The South African Revenue Service (SARS) says it has obtained an interim court order interdicting the National Education, Health and Allied Workers’ Union (Nehawu) and Public Servants Association of South Africa (PSA) members from picketing in places other than those specified in the Commission for Conciliation, Mediation and Arbitration (CCMA) Picketing Rules.
SARS says the picketing at its head office in Pretoria and the Alberton campus by its striking employees on Thursday was illegal.
Around 10 000 workers affiliated to the two trade unions have embarked on a nationwide strike, over a wage dispute.
Workers are demanding an 11.4% wage increase across the board, while the revenue service is offering 7%.
On Thursday, 33 out of 53 walk-in branches were closed as a result of the strike, with the rest functioning on a diminished capacity.
Impact on SA borders
Protesting SARS officials, at the Beit Bridge port of entry outside Musina in Limpopo, believe the protest action at the border impacted negatively on revenue collection in the country.
All employees withdrew their services and only managers are manning service desks.

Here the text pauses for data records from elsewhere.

lemma exactly_hittable_partition_of_conflict_free_k:
  assumes "conflict_free_k V E k C"
  shows "\<exists>P. is_partition_k E k P \<and> (\<forall>i<k. exactly_hittable V (P i))"
proof -
  obtain J where J: "\<And>I. I \<in> E \<Longrightarrow> 1 \<le> J I \<and> card (I \<inter> {v\<in>V. C v = J I}) = 1"
    using assms unfolding conflict_free_k_def conflict_free_def by metis
  have J_le: "J I \<le> k" if I: "I \<in> E" for I
  proof -
    obtain v where "I \<inter> {v\<in>V. C v = J I} = {v}"
      using J[OF I] card_1_singletonE by metis
    then have "v \<in> V" "C v = J I" by blast+
    then show ?thesis using assms unfolding conflict_free_k_def by metis
  qed
  define P where "P i = {I\<in>E. J I = Suc i}" for i
  have "is_partition_k E k P"
    unfolding is_partition_k_def
  proof (intro conjI allI impI)
    have "I \<in> P (J I - 1)" "J I - 1 < k" if "I \<in> E" for I
      using J[OF that] J_le[OF that] that by (auto simp: P_def)
    then show "(\<Union>i<k. P i) = E" by (auto simp: P_def)
  qed (auto simp: P_def)
  moreover have "exactly_hittable V (P i)" for i
    unfolding exactly_hittable_def
  proof (intro exI[of _ "{v\<in>V. C v = Suc i}"] conjI ballI)
    fix I assume "I \<in> P i"
    then have "I \<in> E" "J I = Suc i" by (auto simp: P_def)
    then have "card (I \<inter> {v\<in>V. C v = Suc i}) = 1" using J by metis
    then show "card ({v\<in>V. C v = Suc i} \<inter> I) = 1" by (simp add: Int_commute)
  qed blast
  ultimately show ?thesis by blast
qed

theorem theorem4:
  fixes n k :: nat and E :: "nat set set"
  assumes "interval_hypergraph n E" and "k \<ge> 1"
  shows "(\<exists>P. is_partition_k E k P \<and> (\<forall>i<k. exactly_hittable {1..n} (P i)))
     \<longleftrightarrow> (\<exists>C. conflict_free_k {1..n} E k C)"
proof -
  have intervals: "\<And>I. I \<in> E \<Longrightarrow> \<exists>a b. I = {a..b}"
    using assms(1) unfolding interval_hypergraph_def by blast
  show ?thesis
    using conflict_free_k_of_exactly_hittable_partition[OF finite_atLeastAtMost intervals]
      exactly_hittable_partition_of_conflict_free_k by blast
qed

end
(* Let $|\mu\rangle,|\bar\mu\rangle\in\mathbb{C}^2\otimes\mathbb{C}^2$ be two-qubit states with squared Schmidt coefficients $\left(\frac{1}{1+a},\frac{a}{1+a}\right)$ and $\left(\frac{1}{1+\bar a},\frac{\bar a}{1+\bar a}\right)$ respectively, where $a,\bar a\in(0,1)$ and $a>\bar a$. Let $d\ge 3$ be odd. The following are equivalent: (i) there exist states $|\lambda\rangle,|\bar\lambda\rangle\in\mathbb{C}^d\otimes\mathbb{C}^d$ of full Schmidt rank $d$ such that $|\mu\rangle\otimes|\lambda\rangle$ can be transformed into $|\bar\mu\rangle\otimes|\bar\lambda\rangle$ by a local unitary; (ii) $\bar a=a^{d_1/d_2}$ for two odd natural numbers $d_1,d_2$ with $d\ge d_1>d_2\ge 1$.
   Context: The state $|\mu\rangle\otimes|\lambda\rangle$ is regarded as a bipartite state between two parties, each holding a $2$-dimensional and a $d$-dimensional subsystem. A local unitary is $U_A\otimes U_B$ with $U_A,U_B\in\mathrm{U}(2d)$, each acting jointly on the corresponding party's two subsystems. *)

theory Defs
  imports Complex_Main
begin

text \<open>A bipartite pure state on C^m (x) C^n is represented by its coefficient
 matrix C, psi = sum_{i<m, j<n} C i j |i>|j>. Only entries with i<m, j<n matter.\<close>

type_synonym cmat = "nat \<Rightarrow> nat \<Rightarrow> complex"

definition is_state :: "nat \<Rightarrow> nat \<Rightarrow> cmat \<Rightarrow> bool" where
  "is_state m n C \<longleftrightarrow> (\<Sum>i<m. \<Sum>j<n. (cmod (C i j))\<^sup>2) = 1"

The queues of vehicles that had formed in the morning have now subsided. Workers union Nehawu spokesperson at Beit Bridge, Katlego Seseani says they will continue with their protest.
“Operations are not running normally. The trucks that you are seeing here … Beitbridge is normally a very active border that the movement of trucks wouldn’t be what you are seeing here today. Export and import are highly affected. The people that are helping inside are from the management of SARS. We don’t know how long they are planning to do this because the workers are here outside. We are asking something simple 11.4% – can the employer give it to us please.”
PSA shopsteward Moshieni Montsha says they are ready to protest until their demands are met.
“It will go ahead as and when we are called to the the negotiating table. The operation is very slow but as you can see we are not disrupting anything, but the majority of our employees are not working today. So yesterday as you can see the line is very very long. It’s about a hundred trucks waiting to be processed I’ve learnt to believe that the grade seven are working which is more like management.”